Saturday, 25 June 2011
I’ve just finished reading a delightful book from Persephone Books who publish forgotten classics by (mostly) women writers. Miss Pettigrew Lives for a Day by Winifred Watson was first published in 1938, then forgotten about for many years by all but a few, and then, on the back of its being re-published by Persephone Books in 2000, was made into a ‘major motion picture’ in 2008.
Seventy years after it was penned by a secretary from Newcastle, and six years after her death at the age of 96, Miss Pettigrew grossed $17 million at the box office. Maybe that’s not that much in movie terms these days, I don’t know, but what I do know is that if something I’d written grossed $17 million ever in a million years, I’d be thrilled over the moon. Although of course poor old Winifred was dead by then, so thrilled was probably out of the equation, but nonetheless, my point stands.
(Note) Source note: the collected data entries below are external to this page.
theorem mainTheorem4:
  fixes nV :: "real^'d \<Rightarrow> real" and nW :: "real^'n \<Rightarrow> real" and lam :: real
  assumes "is_norm nV" and "is_norm nW" and "lam > 0"
  shows "\<exists>c>0. \<forall>(h :: 'a::finite list \<Rightarrow> real^'d) g.
      (\<forall>\<psi> \<in> (Aff :: ((real^'d \<Rightarrow> real^'n) \<times> (real^'n)) set).
         set_dist (d_inf nW) (softmax lam \<circ> aff_app \<psi> \<circ> h) (V_of lam g)
           \<le> ereal (c * op_norm nV nW (fst \<psi>)) * aff_gap nV h g)
    \<and> d_V nW lam h g \<le> ereal c * d_Aff nW h g
    \<and> (aff_gap nV h g = 0 \<longrightarrow> d_Aff nW h g = 0)
    \<and> (d_Aff nW h g = 0 \<longrightarrow> d_V nW lam h g = 0)"
proof -
  have "4 * lam * CARD('n) > 0" using assms(3) by simp
  moreover have "norm (softmax lam x - softmax lam y) \<le> 4 * lam * CARD('n) * norm (x - y)"
    for x y :: "real^'n"
    using assms(3) by (simp add: softmax_lipschitz)
  ultimately obtain c where c: "c > 0" "\<And>x y. nW (softmax lam x - softmax lam y) \<le> c * nW (x - y)"
    using lipschitz_is_normE[OF assms(2,2)] by blast
  have d_V_le: "d_V nW lam h g \<le> ereal c * d_Aff nW h g" for h g :: "'a list \<Rightarrow> real^'d"
    using c by (intro d_V_le_d_Aff) auto
  have d_V_nonneg: "0 \<le> d_V nW lam h g" for h g :: "'a list \<Rightarrow> real^'d"
    unfolding d_V_def V_of_eq_image by (rule hausdorff_nonneg[OF assms(2)]) (simp add: Aff_of_nonempty)
  have "d_V nW lam h g = 0" if "d_Aff nW h g = 0" for h g :: "'a list \<Rightarrow> real^'d"
    using d_V_le[of h g] d_V_nonneg[of h g] that by simp
  moreover have "set_dist (d_inf nW) (softmax lam \<circ> aff_app \<psi> \<circ> h) (V_of lam g)
      \<le> ereal (c * op_norm nV nW (fst \<psi>)) * aff_gap nV h g"
    if "\<psi> \<in> Aff" for \<psi> and h g :: "'a list \<Rightarrow> real^'d"
    unfolding V_of_eq_image using c(1) by (intro set_dist_le_aff_gap[OF assms(1,2) _ c(2) that]) simp
  ultimately show ?thesis
    using c(1) d_V_le d_Aff_eq_0_if_aff_gap_eq_0[OF assms(1,2)] by blast
qed
(* Let $p_1,p_2\in(0,1)$ and let $\{X^1_k\}_{k\ge1}$, $\{X^2_k\}_{k\ge1}$ be two independent sequences of i.i.d. Bernoulli random variables with success parameters $p_1$ and $p_2$ respectively. Set $S^j(n)=\sum_{i=1}^n X^j_i$ for $j=1,2$ and $J^2=\inf\{n\ge1: S^1(n)=S^2(n)\}$ (with $\inf\emptyset=\infty$). Then $P(J^2=\infty)=|p_1-p_2|$, and for all $p_1,p_2\in(0,1)$ we have $E(J^2)=\infty$.
   Context: All random variables $X^j_k$ ($j=1,2$, $k\ge1$) are mutually independent, and $P(X^j_k=1)=p_j=1-P(X^j_k=0)$. *)

theory Defs
  imports "HOL-Probability.Probability"
begin

definition partial_sum :: "(nat \<Rightarrow> nat \<Rightarrow> 'a \<Rightarrow> real) \<Rightarrow> nat \<Rightarrow> nat \<Rightarrow> 'a \<Rightarrow> real" where
  "partial_sum X j n \<omega> = (\<Sum>i=1..n. X j i \<omega>)"

definition first_meet :: "(nat \<Rightarrow> nat \<Rightarrow> 'a \<Rightarrow> real) \<Rightarrow> 'a \<Rightarrow> enat" where
  "first_meet X \<omega> =
     (if \<exists>n\<ge>1. partial_sum X 1 n \<omega> = partial_sum X 2 n \<omega>
      then enat (LEAST n. n \<ge> 1 \<and> partial_sum X 1 n \<omega> = partial_sum X 2 n \<omega>)
      else \<infinity>)"

end

theory Submission
  imports Defs
begin

(* The increments X^1_k - X^2_k are i.i.d. with values 1, -1, 0 taken with probabilities
   a = p1 (1 - p2), b = (1 - p1) p2 and 1 - a - b, so S^1 - S^2 is a lazy random walk on the
   integers and J^2 is its first return time to 0.  The probability that the walk started at x
   avoids 0 for n steps satisfies a one-step recursion.  It is bounded below by the gambler's ruin
   probability 1 - (b/a)^x, and its limit in n is a bounded harmonic function on the nonnegative
   integers vanishing at 0, hence at most 1 - b/a at 1.  Therefore
   P(J^2 = infinity) = a (1 - b/a)^+ + b (1 - a/b)^+ = |a - b| = |p1 - p2|.
   Finally E J^2 = sum_n P(J^2 > n) diverges: for p1 <> p2 the terms stay above |p1 - p2|, and for
   p1 = p2 the lower bound min(1, x/(n+1)) on the survival probabilities gives
   P(J^2 > n + 1) >= a/(n+1). *)

(* survival a b n x: probability that the lazy walk with up-probability a and down-probability b,
   started at x, is nonzero at all times 1, ..., n. *)
fun survival :: "real \<Rightarrow> real \<Rightarrow> nat \<Rightarrow> int \<Rightarrow> real" where
  "survival a b 0 x = 1"
| "survival a b (Suc n) x =
     a * (if x + 1 = 0 then 0 else survival a b n (x + 1))
   + b * (if x - 1 = 0 then 0 else survival a b n (x - 1))
   + (1 - a - b) * (if x = 0 then 0 else survival a b n x)"

lemma survival_bounds:
  assumes "0 \<le> a" "0 \<le> b" "a + b \<le> 1"
  shows "0 \<le> survival a b n x \<and> survival a b n x \<le> 1"
proof (induction n arbitrary: x)
  case 0
  show ?case by simp
next
  case (Suc n)
  define f where "f y = (if y = 0 then 0 else survival a b n y)" for y
  have f: "0 \<le> f y \<and> f y \<le> 1" for y
    using Suc.IH by (simp add: f_def)
  have step: "survival a b (Suc n) x = a * f (x + 1) + b * f (x - 1) + (1 - a - b) * f x"
    by (simp add: f_def)
  have "0 \<le> a * f (x + 1) + b * f (x - 1) + (1 - a - b) * f x"
    using f assms by (intro add_nonneg_nonneg mult_nonneg_nonneg) auto
  moreover have "a * f (x + 1) + b * f (x - 1) + (1 - a - b) * f x \<le> a * 1 + b * 1 + (1 - a - b) * 1"
    using f assms by (intro add_mono mult_left_mono) auto
  ultimately show ?case
    unfolding step by simp
qed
And my point is this: I’m always expecting in life that if I do the graft then the payoff will shortly follow. I think actually that’s what we’re taught to expect, but I’m gradually coming to the conclusion that in reality it’s a bit more complicated than that. I’m finally coming to understand that you must put in the graft and that you must then let go of it and, crucially, you must also let go of any expectation of a payoff from it. The payoff may well come, or it may not, but to plan for it is a mistake.
Particularly in producing anything creative, too fixed an idea of any particular end result is a fatal error. For where is the heart to enter if the head has already closed every door? And without the heart what have you created? Nothing more than an intellectual game; nothing of depth or integrity; nothing of meaning. In short then, nothing at all.
If you let the head rule the heart, if you imagine you can think your way through life, you may well dull some of the pain, but you will also numb the joy, and you will never, ever be truly creative. Because creativity comes through the heart, not the head.
But, as usual, I’ve allowed myself to waffle far from the point I had in mind. What I was wanting to say was that I wondered if Miss Pettigrew was perhaps the first ever piece of chick lit. Although I’m aware the term probably isn’t a great compliment and I’m not even entirely sure what it means, I do love Bridget Jones – I read it every time things go a bit stinky in life, and Miss Pettigrew seems like something of a go-girlfriend style precursor.
As well as its ahead of its time post-feminist over tones, Miss Pettigrew is also of that very time specific and very English genre of novel that’s one of my favourites - 1930’s Waugh-esque posh kids lounging about sipping cocktails, going to non-stop glamorous parties in diaphanous gowns, driving their cars far too recklessly just for a giggle, using phrases like “cheese it” and having elaborate conversations that go round and round in circles making no rational sense whatsoever, which is absolutely my favourite kind of conversation.
It must be said though that Miss Pettigrew does lack Waugh’s dark subtle underbelly, but she more than makes up for that absence by the fact that absent too is the Smurfette effect, i.e. that world common to literary fiction wherein the reader finds herself amongst a group of blokes with no more than one or two token women who constitute simply the love interest. Miss Pettigrew on the other hand is written from the girl’s perspective with the fellows taking up the romantic bit parts. Delicious.
What’s more I was over-joyed to find stated in serious literary print that has withstood the test of many decades of time passing, a truth that I have long known but never quite had the stomach to say aloud: that a girl’s most essential tool for successful navigation of the world at large is indubitably her face powder.
“Miss LaFosse and Miss Dubarry powdered their noses.
“Come along now Guinevere,’ said Miss LaFosse. ‘You must powder your nose again. It isn’t done not to. Last gesture before entering a room – powder your nose. It gives a sense of confidence.’
With trembling fingers, nervous, clumsy, contented, for the first time in her life Miss Pettigrew powdered her nose.
‘Do you know,’ she said happily, ‘I think you’re right. It does add a certain assurance to one’s demeanour. I feel it already.’
‘Attaboy,’ praised Miss Dubarry.”
Yes indeed girlies, it’s all about the heart. Without too much in the ‘thinking’ department I find one can manage perfectly well in life, but without the nose powder… one isn’t even off the starting blocks!